Give the number of lines in the material below that include "definition", and write nothing else.

----------------------------------------

(* For every integer $n\ge 1$, \[ \sum_{\sigma \in \mathrm{And}^{I}_n} s^{\mathrm{ides}(\sigma)}t^{\mathrm{des}(\sigma)} q^{\mathrm{maj}(\sigma)} =\sum_{\sigma \in \mathrm{And}^{II}_n} s^{\mathrm{ides}(\sigma)}t^{\mathrm{des}(\sigma)} q^{\mathrm{maj}(\sigma)} =\sum_{\sigma \in \mathrm{RS}_{n}} s^{\mathrm{ides}(\sigma)}t^{\mathrm{des}(\sigma)} q^{\mathrm{maj}(\sigma)} \] as polynomials in $s,t,q$.
   Context: A "permutation" of length $n$ here may be any word of $n$ distinct integers. The empty word and every one-letter word are both Andr\'e I and Andr\'e II permutations. A word $\sigma$ of $n\ge 2$ distinct integers is written uniquely as $\sigma=\tau\,\min(\sigma)\,\tau'$. Then $\sigma$ is an Andr\'e I permutation if $\tau$ and $\tau'$ are Andr\'e I permutations and the largest letter of the word $\tau\tau'$ lies in $\tau'$; $\sigma$ is an Andr\'e II permutation if $\tau$ and $\tau'$ are Andr\'e II permutations and the smallest letter of $\tau\tau'$ lies in $\tau'$. $\mathrm{And}^{I}_n$ (resp. $\mathrm{And}^{II}_n$) is the set of Andr\'e I (resp. Andr\'e II) permutations of $[n]=\{1,\dots,n\}$. A permutation $\sigma=\sigma_1\cdots\sigma_n$ of $[n]$ is a simsun permutation if $\sigma_n=n$ and, for every $k\in\{1,\dots,n\}$, the subword of $\sigma$ formed by the letters $1,\dots,k$ has no double descent (a double descent of a word $w_1\cdots w_m$ is an index $i$ with $w_i>w_{i+1}>w_{i+2}$). $\mathrm{RS}_n$ is the set of simsun permutations of $[n]$. For $\sigma=\sigma_1\cdots\sigma_n$: $\mathrm{Des}(\sigma)=\{i\in[n-1]:\sigma_i>\sigma_{i+1}\}$, $\mathrm{des}(\sigma)=|\mathrm{Des}(\sigma)|$, $\mathrm{maj}(\sigma)=\sum_{i\in\mathrm{Des}(\sigma)} i$, and $\mathrm{ides}(\sigma)=\mathrm{des}(\sigma^{-1})$, the number of descents of the inverse permutation. *)

theory Defs
  imports Main
begin

definition left_part :: "int list \<Rightarrow> int list" where
  "left_part w = takeWhile (\<lambda>x. x \<noteq> Min (set w)) w"

definition right_part :: "int list \<Rightarrow> int list" where
  "right_part w = tl (dropWhile (\<lambda>x. x \<noteq> Min (set w)) w)"

lemma takeWhile_shorter: "x \<in> set w \<Longrightarrow> length (takeWhile (\<lambda>y. y \<noteq> x) w) < length w"
  by (induction w) auto

lemma left_part_shorter: "w \<noteq> [] \<Longrightarrow> length (left_part w) < length w"
  unfolding left_part_def by (rule takeWhile_shorter) simp

lemma right_part_shorter: "w \<noteq> [] \<Longrightarrow> length (right_part w) < length w"
proof -
  assume "w \<noteq> []"
  then have "Min (set w) \<in> set w" by simp
  then have "dropWhile (\<lambda>x. x \<noteq> Min (set w)) w \<noteq> []"
    by (simp add: dropWhile_eq_Nil_conv)
  moreover have "length (dropWhile (\<lambda>x. x \<noteq> Min (set w)) w) \<le> length w"
    by (simp add: length_dropWhile_le)
  ultimately show ?thesis unfolding right_part_def
    by (cases "dropWhile (\<lambda>x. x \<noteq> Min (set w)) w") auto
qed

function andreI :: "int list \<Rightarrow> bool" where
  "andreI w = (if length w \<le> 1 then True else
     (andreI (left_part w) \<and> andreI (right_part w) \<and>
      Max (set (left_part w @ right_part w)) \<in> set (right_part w)))"
  by pat_completeness auto
termination
  by (relation "measure length") (auto intro!: left_part_shorter right_part_shorter)

function andreII :: "int list \<Rightarrow> bool" where
  "andreII w = (if length w \<le> 1 then True else
     (andreII (left_part w) \<and> andreII (right_part w) \<and>
      Min (set (left_part w @ right_part w)) \<in> set (right_part w)))"
  by pat_completeness auto
termination
  by (relation "measure length") (auto intro!: left_part_shorter right_part_shorter)

definition perms :: "nat \<Rightarrow> int list set" where
  "perms n = {w. distinct w \<and> set w = {1..int n}}"

definition AndI :: "nat \<Rightarrow> int list set" where
  "AndI n = {w \<in> perms n. andreI w}"

definition AndII :: "nat \<Rightarrow> int list set" where
  "AndII n = {w \<in> perms n. andreII w}"

definition has_double_descent :: "int list \<Rightarrow> bool" where
  "has_double_descent u = (\<exists>i. i + 2 < length u \<and> u ! i > u ! (i+1) \<and> u ! (i+1) > u ! (i+2))"

definition RS :: "nat \<Rightarrow> int list set" where
  "RS n = {w \<in> perms n. w \<noteq> [] \<and> last w = int n \<and>
     (\<forall>k\<in>{1..int n}. \<not> has_double_descent (filter (\<lambda>x. x \<le> k) w))}"

text \<open>Descent set with 1-based positions: i \<in> Des w iff w_i > w_(i+1).\<close>
definition Des :: "int list \<Rightarrow> nat set" where
  "Des w = {i. 1 \<le> i \<and> i < length w \<and> w ! (i - 1) > w ! i}"

definition des :: "int list \<Rightarrow> nat" where
  "des w = card (Des w)"

definition maj :: "int list \<Rightarrow> nat" where
  "maj w = (\<Sum>i\<in>Des w. i)"

text \<open>Inverse of a permutation w of [n], as a word: its j-th letter is the
  (1-based) position of letter j in w.\<close>
definition inv_word :: "int list \<Rightarrow> int list" where
  "inv_word w = map (\<lambda>j. int (Suc (THE i. i < length w \<and> w ! i = int j))) [1..<Suc (length w)]"

definition ides :: "int list \<Rightarrow> nat" where
  "ides w = des (inv_word w)"

end

theory Submission
  imports Defs
begin

declare andreI.simps [simp del] andreII.simps [simp del]

lemma left_part_Min_right_part:
  assumes "w \<noteq> []"
  shows "left_part w @ Min (set w) # right_part w = w"
proof -
  let ?P = "\<lambda>x. x \<noteq> Min (set w)"
  have "dropWhile ?P w \<noteq> []" "hd (dropWhile ?P w) = Min (set w)"
    using assms hd_dropWhile[of ?P w] by (auto simp: dropWhile_eq_Nil_conv)
  then have "dropWhile ?P w = Min (set w) # right_part w"
    unfolding right_part_def by (metis list.collapse)
  then show ?thesis
    unfolding left_part_def by (metis takeWhile_dropWhile_id)
qed

lemma Min_less_left_part: "x \<in> set (left_part w) \<Longrightarrow> Min (set w) < x"
proof -
  assume x: "x \<in> set (left_part w)"
  then have "x \<in> set w" "x \<noteq> Min (set w)" unfolding left_part_def
    by (auto dest: set_takeWhileD)
  then show ?thesis by (simp add: order_neq_le_trans)
qed

lemma Min_le_right_part: "x \<in> set (right_part w) \<Longrightarrow> Min (set w) \<le> x"
proof -
  assume "x \<in> set (right_part w)"
  then have "x \<in> set w" unfolding right_part_def
    by (metis list.sel(2) list.set_sel(2) set_dropWhileD)
  then show ?thesis by simp
qed

lemma
  assumes "\<forall>x\<in>set l. a < x" "\<forall>x\<in>set r. a \<le> x"
  shows Min_split: "Min (set (l @ a # r)) = a"
    and left_part_split: "left_part (l @ a # r) = l"
    and right_part_split: "right_part (l @ a # r) = r"
proof -
  show Min: "Min (set (l @ a # r)) = a"
    using assms by (intro Min_eqI) (auto intro: less_imp_le)
  have "a \<notin> set l" using assms by auto
  then have "takeWhile (\<lambda>x. x \<noteq> a) (l @ a # r) = l" "dropWhile (\<lambda>x. x \<noteq> a) (l @ a # r) = a # r"
    by (subst takeWhile_append2 dropWhile_append2; auto)+
  then show "left_part (l @ a # r) = l" "right_part (l @ a # r) = r"
    unfolding left_part_def right_part_def Min by simp_all
qed


lemma min_split_obtain:
  fixes w :: "int list"
  assumes "\<not> length w \<le> 1"
  obtains l a r where "w = l @ a # r" "\<forall>x\<in>set l. a < x" "\<forall>x\<in>set r. a \<le> x" "l \<noteq> [] \<or> r \<noteq> []"
proof
  have "w \<noteq> []" using assms by auto
  show "w = left_part w @ Min (set w) # right_part w"
    using left_part_Min_right_part[OF \<open>w \<noteq> []\<close>] by simp
  then have "length w = Suc (length (left_part w) + length (right_part w))"
    by (metis length_Cons length_append add_Suc_right)
  then show "left_part w \<noteq> [] \<or> right_part w \<noteq> []"
    using assms by auto
qed (auto intro: Min_less_left_part Min_le_right_part)

lemma min_split_induct [case_names short split]:
  fixes P :: "int list \<Rightarrow> bool"
  assumes short: "\<And>w. length w \<le> 1 \<Longrightarrow> P w"
    and split: "\<And>l a r. \<forall>x\<in>set l. a < x \<Longrightarrow> \<forall>x\<in>set r. a \<le> x \<Longrightarrow> l \<noteq> [] \<or> r \<noteq> [] \<Longrightarrow>
      P l \<Longrightarrow> P r \<Longrightarrow> P (l @ a # r)"
  shows "P w"
proof (induction w rule: length_induct)
  case (1 w)
  show ?case
  proof (cases "length w \<le> 1")
    case False
    then obtain l a r where "w = l @ a # r" "\<forall>x\<in>set l. a < x" "\<forall>x\<in>set r. a \<le> x" "l \<noteq> [] \<or> r \<noteq> []"
      by (rule min_split_obtain)
    with 1 show ?thesis by (auto intro: split)
  qed (rule short)
qed

lemma andreI_short: "length w \<le> 1 \<Longrightarrow> andreI w"
  by (simp add: andreI.simps)

lemma andreII_short: "length w \<le> 1 \<Longrightarrow> andreII w"
  by (simp add: andreII.simps)

lemma andreI_split:
  assumes "\<forall>x\<in>set l. a < x" "\<forall>x\<in>set r. a \<le> x" "l \<noteq> [] \<or> r \<noteq> []"
  shows "andreI (l @ a # r) \<longleftrightarrow> andreI l \<and> andreI r \<and> Max (set (l @ r)) \<in> set r"
  using assms(3) by (subst andreI.simps) (auto simp: left_part_split[OF assms(1,2)] right_part_split[OF assms(1,2)])

lemma andreII_split:
  assumes "\<forall>x\<in>set l. a < x" "\<forall>x\<in>set r. a \<le> x" "l \<noteq> [] \<or> r \<noteq> []"
  shows "andreII (l @ a # r) \<longleftrightarrow> andreII l \<and> andreII r \<and> Min (set (l @ r)) \<in> set r"
  using assms(3) by (subst andreII.simps) (auto simp: left_part_split[OF assms(1,2)] right_part_split[OF assms(1,2)])

text \<open>The Andr\'e II condition for words with repeated letters, where of two equal letters
  the left one counts as the smaller: this is what Andr\'e II becomes after standardization.\<close>

function weak_andreII :: "int list \<Rightarrow> bool" where
  "weak_andreII w = (if length w \<le> 1 then True else
     (weak_andreII (left_part w) \<and> weak_andreII (right_part w) \<and> right_part w \<noteq> [] \<and>
      (left_part w \<noteq> [] \<longrightarrow> Min (set (right_part w)) < Min (set (left_part w)))))"
  by pat_completeness auto
termination
  by (relation "measure length") (auto intro!: left_part_shorter right_part_shorter)

declare weak_andreII.simps [simp del]

lemma weak_andreII_short: "length w \<le> 1 \<Longrightarrow> weak_andreII w"
  by (subst weak_andreII.simps) simp

lemma weak_andreII_split:
  assumes "\<forall>x\<in>set l. a < x" "\<forall>x\<in>set r. a \<le> x" "l \<noteq> [] \<or> r \<noteq> []"
  shows "weak_andreII (l @ a # r) \<longleftrightarrow> weak_andreII l \<and> weak_andreII r \<and> r \<noteq> [] \<and>
    (l \<noteq> [] \<longrightarrow> Min (set r) < Min (set l))"
  using assms(3) by (subst weak_andreII.simps) (auto simp: left_part_split[OF assms(1,2)] right_part_split[OF assms(1,2)])

lemma Suc_mem_Des: "Suc i \<in> Des w \<longleftrightarrow> Suc i < length w \<and> w ! Suc i < w ! i"
  unfolding Des_def by auto

lemma zero_not_mem_Des: "0 \<notin> Des w"
  unfolding Des_def by auto

lemma Des_subset: "Des w \<subseteq> {1..<length w}"
  unfolding Des_def by auto

lemma mem_Des_iff: "j \<in> Des w \<longleftrightarrow> 0 < j \<and> j < length w \<and> w ! j < w ! (j - 1)"
  unfolding Des_def by auto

----------------------------------------

• Solution to the exercise
12